Key attributes of a Shared Earnings Agreement

  • Investor invests upfront capital at the early-stage of businesses. Typically (but not always) after a product has launched, but before the founders go full-time.
  • Investor agrees on a Return Cap which is a multiple of the initial investment (typically 3-5x)
  • Investor doesn't have any equity or control over the business. No board seats either. You run your business as you see fit.
  • As your business grows, Investor calculates what is called “Founder Earnings” and Investor is paid a percentage. Essentially Investor gets paid when you and your co-founder get paid.
  • Founder Earnings = Net Income + any amount of founders’ salaries over a certain threshold. If you want to eat ramen, pay yourselves a small salary, and reinvest every dollar into growth, Investor doesn’t get a penny and that’s okay. Investor gets earnings when you do.
  • Unlike traditional equity, Investor's share of earnings is not perpetual. Once Investor hits the Return Cap, payments to Investor end.
  • In most cases, Investor will agree on a long-term residual stake for Investor if you ever sell the company or raise more financing.
  • If you decide you want to raise VC or other forms of financing, or you get an amazing offer to sell the company, that’s totally fine. The SEA includes provisions for the investment to convert to equity alongside the new investors or acquirers.

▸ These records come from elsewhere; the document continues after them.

lemma val_opt_le_Max_Q_opt: "val_opt A P S \<gamma> x \<le> Max (Q_opt A P S \<gamma> x ` A x)"
  unfolding val_opt_def
proof (rule cSUP_least[OF hist_policies_nonempty])
  fix Pol
  assume pol: "Pol \<in> hist_policies A"
  have "val_hist Pol P S \<gamma> x \<le> (\<Sum>a\<in>A x. pmf (Pol [] x) a * Q_opt A P S \<gamma> x a)"
    unfolding val_hist_first_step[OF pol] Q_opt_def
    using discount_nonneg
    by (intro sum_mono mult_left_mono add_left_mono val_hist_le_val_opt hist_policies_Cons pol)
      auto
  also have "\<dots> \<le> Max (Q_opt A P S \<gamma> x ` A x)"
    using set_pmf_hist_policy[OF pol] finite_A
    by (intro convex_combination_le) (auto simp: sum_pmf_eq_1)
  finally show "val_hist Pol P S \<gamma> x \<le> Max (Q_opt A P S \<gamma> x ` A x)" .
qed

lemma val_sm_eq_sum_Q_sm:
  assumes "\<And>x. set_pmf (pol x) \<subseteq> A x"
  shows "val_sm pol P S \<gamma> x = (\<Sum>a\<in>A x. pmf (pol x) a * Q_sm pol P S \<gamma> x a)"
  using assms val_hist_first_step[of "\<lambda>h y. pol y" x]
  by (simp add: val_sm_def Q_sm_def hist_policies_def)

lemma Q_sm_le_Q_opt:
  assumes "\<And>x. set_pmf (pol x) \<subseteq> A x"
  shows "Q_sm pol P S \<gamma> x a \<le> Q_opt A P S \<gamma> x a"
proof -
  have "val_sm pol P S \<gamma> y \<le> val_opt A P S \<gamma> y" for y
    using assms unfolding val_sm_def by (intro val_hist_le_val_opt) (simp add: hist_policies_def)
  then have "0 \<le> Q_opt A P S \<gamma> x a - Q_sm pol P S \<gamma> x a"
    unfolding Q_opt_minus_Q_sm using discount_nonneg
    by (intro mult_nonneg_nonneg sum_nonneg) auto
  then show ?thesis
    by simp
qed

lemma val_opt_minus_val_sm_le:
  assumes pol: "\<And>x. set_pmf (pol x) \<subseteq> A x"
    and regret: "\<And>x. Max (Q_opt A P S \<gamma> x ` A x)
      - (\<Sum>a\<in>A x. pmf (pol x) a * Q_opt A P S \<gamma> x a) \<le> K"
  shows "val_opt A P S \<gamma> x - val_sm pol P S \<gamma> x \<le> K / (1 - \<gamma>)"
proof -
  define D where "D = Max (range (\<lambda>y. val_opt A P S \<gamma> y - val_sm pol P S \<gamma> y))"
  have D_ge: "val_opt A P S \<gamma> y - val_sm pol P S \<gamma> y \<le> D" for y
    unfolding D_def by (rule Max_ge) auto
  have "D \<in> range (\<lambda>y. val_opt A P S \<gamma> y - val_sm pol P S \<gamma> y)"
    unfolding D_def by (rule Max_in) auto
  then obtain y0 where y0: "D = val_opt A P S \<gamma> y0 - val_sm pol P S \<gamma> y0"
    by blast
  have Q_gap: "Q_opt A P S \<gamma> y a - Q_sm pol P S \<gamma> y a \<le> \<gamma> * D" for y a
    unfolding Q_opt_minus_Q_sm using discount_nonneg D_ge
    by (intro mult_left_mono convex_combination_le) (auto simp: sum_pmf_eq_1)
  have "val_opt A P S \<gamma> y - val_sm pol P S \<gamma> y \<le> K + \<gamma> * D" for y
  proof -
    have sum1: "(\<Sum>a\<in>A y. pmf (pol y) a) = 1"
      using pol finite_A by (rule sum_pmf_eq_1[rotated])
    have "val_opt A P S \<gamma> y - val_sm pol P S \<gamma> y
        \<le> (Max (Q_opt A P S \<gamma> y ` A y) - (\<Sum>a\<in>A y. pmf (pol y) a * Q_opt A P S \<gamma> y a))
          + (\<Sum>a\<in>A y. pmf (pol y) a * (Q_opt A P S \<gamma> y a - Q_sm pol P S \<gamma> y a))"
      using val_opt_le_Max_Q_opt[of y] unfolding val_sm_eq_sum_Q_sm[OF pol]
      by (simp add: right_diff_distrib sum_subtractf)
    also have "\<dots> \<le> K + \<gamma> * D"
      using regret[of y] Q_gap sum1 by (intro add_mono convex_combination_le) auto
    finally show ?thesis .
  qed
  from this[of y0] have "(1 - \<gamma>) * D \<le> K"
    unfolding y0[symmetric] by (simp add: algebra_simps)
  then have "D \<le> K / (1 - \<gamma>)"
    using discount_less_1 by (simp add: pos_le_divide_eq mult.commute)
  then show ?thesis
    using D_ge[of x] by linarith
qed

lemma Q_opt_minus_Q_sm_le:
  assumes pol: "\<And>x. set_pmf (pol x) \<subseteq> A x"
    and regret: "\<And>x. Max (Q_opt A P S \<gamma> x ` A x)
      - (\<Sum>a\<in>A x. pmf (pol x) a * Q_opt A P S \<gamma> x a) \<le> K"
  shows "Q_opt A P S \<gamma> x a - Q_sm pol P S \<gamma> x a \<le> \<gamma> / (1 - \<gamma>) * K"
proof -
  have "Q_opt A P S \<gamma> x a - Q_sm pol P S \<gamma> x a \<le> \<gamma> * (K / (1 - \<gamma>))"
    unfolding Q_opt_minus_Q_sm using discount_nonneg val_opt_minus_val_sm_le[OF pol regret]
    by (intro mult_left_mono convex_combination_le) (auto simp: sum_pmf_eq_1)
  then show ?thesis
    by simp
qed

end

lemma argmax_set_subset: "argmax_set A q x \<subseteq> A x"
  unfolding argmax_set_def by blast

lemma Max_image_attained:
  fixes f :: "'b \<Rightarrow> 'c::linorder"
  assumes "finite X" "X \<noteq> {}"
  obtains a where "a \<in> X" "f a = Max (f ` X)"
proof -
  have "Max (f ` X) \<in> f ` X"
    using assms by (intro Max_in) auto
  then show ?thesis
    using that by (metis imageE)
qed

lemma argmax_set_nonempty:
  assumes "finite (A x)" "A x \<noteq> {}"
  shows "argmax_set A q x \<noteq> {}"
proof -
  obtain a where a: "a \<in> A x" "q x a = Max (q x ` A x)"
    using Max_image_attained[OF assms] .
  have "q x b \<le> q x a" if "b \<in> A x" for b
    unfolding a(2) using assms(1) that by (intro Max_ge) auto
  then have "a \<in> argmax_set A q x"
    unfolding argmax_set_def using a(1) by blast
  then show ?thesis
    by blast
qed

definition eps_greedy_weight :: "('x \<Rightarrow> 'a set) \<Rightarrow> ('x \<Rightarrow> real) \<Rightarrow> ('x \<Rightarrow> 'a \<Rightarrow> real) \<Rightarrow> 'x \<Rightarrow> 'a \<Rightarrow> real" where
  "eps_greedy_weight A \<epsilon> q x a =
      (if a \<in> A x then \<epsilon> x / real (card (A x)) else 0)
    + (if a \<in> argmax_set A q x then (1 - \<epsilon> x) / real (card (argmax_set A q x)) else 0)"

lemma sum_eps_greedy_weight:
  assumes "finite (A x)"
  shows "(\<Sum>a\<in>A x. eps_greedy_weight A \<epsilon> q x a * g a)
    = \<epsilon> x * (\<Sum>a\<in>A x. g a) / card (A x)
      + (1 - \<epsilon> x) * (\<Sum>a\<in>argmax_set A q x. g a) / card (argmax_set A q x)"
proof -
  let ?G = "argmax_set A q x" and ?c = "(1 - \<epsilon> x) / card (argmax_set A q x)"
  have "(\<Sum>a\<in>A x. (if a \<in> ?G then ?c else 0) * g a) = (\<Sum>a\<in>A x. if a \<in> ?G then ?c * g a else 0)"
    by (intro sum.cong) auto
  also have "\<dots> = (\<Sum>a\<in>A x \<inter> ?G. ?c * g a)"
    using assms by (rule sum.inter_restrict[symmetric])
  also have "A x \<inter> ?G = ?G"
    using argmax_set_subset[of A q x] by blast
  finally show ?thesis
    unfolding eps_greedy_weight_def
    by (simp add: distrib_right sum.distrib sum_distrib_left sum_divide_distrib)
qed

lemma pmf_eps_greedy:
  assumes fin: "finite (A x)" and ne: "A x \<noteq> {}" and eps: "0 \<le> \<epsilon> x" "\<epsilon> x \<le> 1"
  shows "pmf (eps_greedy A \<epsilon> q x) a = eps_greedy_weight A \<epsilon> q x a"
  unfolding eps_greedy_def eps_greedy_weight_def[symmetric]
proof (rule pmf_embed_pmf)
  show nonneg: "0 \<le> eps_greedy_weight A \<epsilon> q x b" for b
    using eps unfolding eps_greedy_weight_def by auto
  have "eps_greedy_weight A \<epsilon> q x b = 0" if "b \<notin> A x" for b
    using that argmax_set_subset[of A q x] unfolding eps_greedy_weight_def by auto
  then have "(\<integral>\<^sup>+b. ennreal (eps_greedy_weight A \<epsilon> q x b) \<partial>count_space UNIV)
      = ennreal (\<Sum>b\<in>A x. eps_greedy_weight A \<epsilon> q x b)"
    using fin nonneg by (subst nn_integral_count_space') (auto intro: sum_ennreal)
  also have "(\<Sum>b\<in>A x. eps_greedy_weight A \<epsilon> q x b) = 1"
    using sum_eps_greedy_weight[of A x \<epsilon> q "\<lambda>_. 1", OF fin] fin ne argmax_set_nonempty[of A x q, OF fin ne]
      finite_subset[OF argmax_set_subset[of A q x] fin]
    by simp
  finally show "(\<integral>\<^sup>+b. ennreal (eps_greedy_weight A \<epsilon> q x b) \<partial>count_space UNIV) = 1"
    by simp
qed

lemma set_pmf_eps_greedy:
  assumes "finite (A x)" "A x \<noteq> {}" "0 \<le> \<epsilon> x" "\<epsilon> x \<le> 1"
  shows "set_pmf (eps_greedy A \<epsilon> q x) \<subseteq> A x"
  using argmax_set_subset[of A q x]
  by (auto simp: set_pmf_iff pmf_eps_greedy[of A x \<epsilon> q, OF assms] eps_greedy_weight_def split: if_splits)

lemma finite_supZ_range:
  fixes A :: "'x::finite \<Rightarrow> 'a set"
  assumes "\<And>x. finite (A x)"
  shows "finite {\<bar>f x a\<bar> | x a. a \<in> A x}"
proof -
  have "{\<bar>f x a\<bar> | x a. a \<in> A x} = (\<lambda>(x, a). \<bar>f x a\<bar>) ` (SIGMA x:UNIV. A x)"
    by auto
  then show ?thesis
    using assms by simp
qed

lemma abs_le_supZ:
  fixes A :: "'x::finite \<Rightarrow> 'a set"
  assumes "\<And>x. finite (A x)" "a \<in> A x"
  shows "\<bar>f x a\<bar> \<le> supZ A f"
  unfolding supZ_def using assms(2) by (intro Max_ge finite_supZ_range assms(1)) blast

lemma supZ_le:
  fixes A :: "'x::finite \<Rightarrow> 'a set"
  assumes "\<And>x. finite (A x)" "\<And>x. A x \<noteq> {}" "\<And>x a. a \<in> A x \<Longrightarrow> \<bar>f x a\<bar> \<le> c"
  shows "supZ A f \<le> c"
  unfolding supZ_def
proof (rule Max.boundedI[OF finite_supZ_range[OF assms(1)]])
  obtain a where "a \<in> A undefined"
    using assms(2) by blast
  then show "{\<bar>f x a\<bar> | x a. a \<in> A x} \<noteq> {}"
    by blast
qed (use assms(3) in blast)

lemma supZ_nonneg:
  fixes A :: "'x::finite \<Rightarrow> 'a set"
  assumes "\<And>x. finite (A x)" "\<And>x. A x \<noteq> {}"
  shows "0 \<le> supZ A f"
proof -
  obtain a where "a \<in> A undefined"
    using assms(2) by blast
  then show ?thesis
    using abs_le_supZ[of A, OF assms(1)] by (meson abs_ge_zero order_trans)
qed

lemma Max_minus_le_2_supZ:
  fixes A :: "'x::finite \<Rightarrow> 'a set"
  assumes fin: "\<And>x. finite (A x)" and ne: "\<And>x. A x \<noteq> {}" and a: "a \<in> A x"
  shows "Max (Q x ` A x) - Q x a \<le> 2 * supZ A Q"
proof -
  obtain a0 where a0: "a0 \<in> A x" "Q x a0 = Max (Q x ` A x)"
    using Max_image_attained[OF fin ne] .
  show ?thesis
    using abs_le_supZ[of A, OF fin a0(1), of Q] abs_le_supZ[of A, OF fin a, of Q] a0(2) by linarith
qed

lemma Max_minus_greedy_le:
  fixes A :: "'x::finite \<Rightarrow> 'a set"
  assumes fin: "\<And>x. finite (A x)" and ne: "\<And>x. A x \<noteq> {}" and b: "b \<in> argmax_set A q x"
  shows "Max (Q x ` A x) - Q x b
    \<le> supZ A (\<lambda>x a. Q x a - q x a) + supZ A (\<lambda>x a. max (q x a - Q x a) 0)"
proof -
  obtain a0 where a0: "a0 \<in> A x" "Q x a0 = Max (Q x ` A x)"
    using Max_image_attained[OF fin ne] .
  have "b \<in> A x" "q x a0 \<le> q x b"
    using b a0(1) unfolding argmax_set_def by blast+
  then show ?thesis
    using abs_le_supZ[of A, OF fin a0(1), of "\<lambda>x a. Q x a - q x a"]
      abs_le_supZ[of A, OF fin \<open>b \<in> A x\<close>, of "\<lambda>x a. max (q x a - Q x a) 0"] a0(2)
    by auto
qed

Why use a Shared Earnings Agreement

  • An SEA can better align incentives of both founder and investor to build a healthy profitable business that goes the distance.
  • An SEA creates zero pressure for founders to raise further rounds of financing or sell the business, while also keeping those options on the table if the founder chooses.
  • Explicitly acknowledge that founders and employees have a livelihood, family obligations and a life outside of their business.
  • Earnest Capital ("EC," creator of SEA) hopes it provides clear intuitive terms that maximize options for the founder. EC wants to "avoid perverse incentives for founders to make any weird decisions because a poorly thought out investment structure incentivizes them to do something that isn’t what they determine is best for the business and team."
  • Sometimes at the early stage of the business, you don’t know if you want to build a billion-dollar rocket ship, a world-class company that dominates a niche, or an amazing lifestyle business—an SEA leaves all options on the table while providing smooth transitions if the plans change.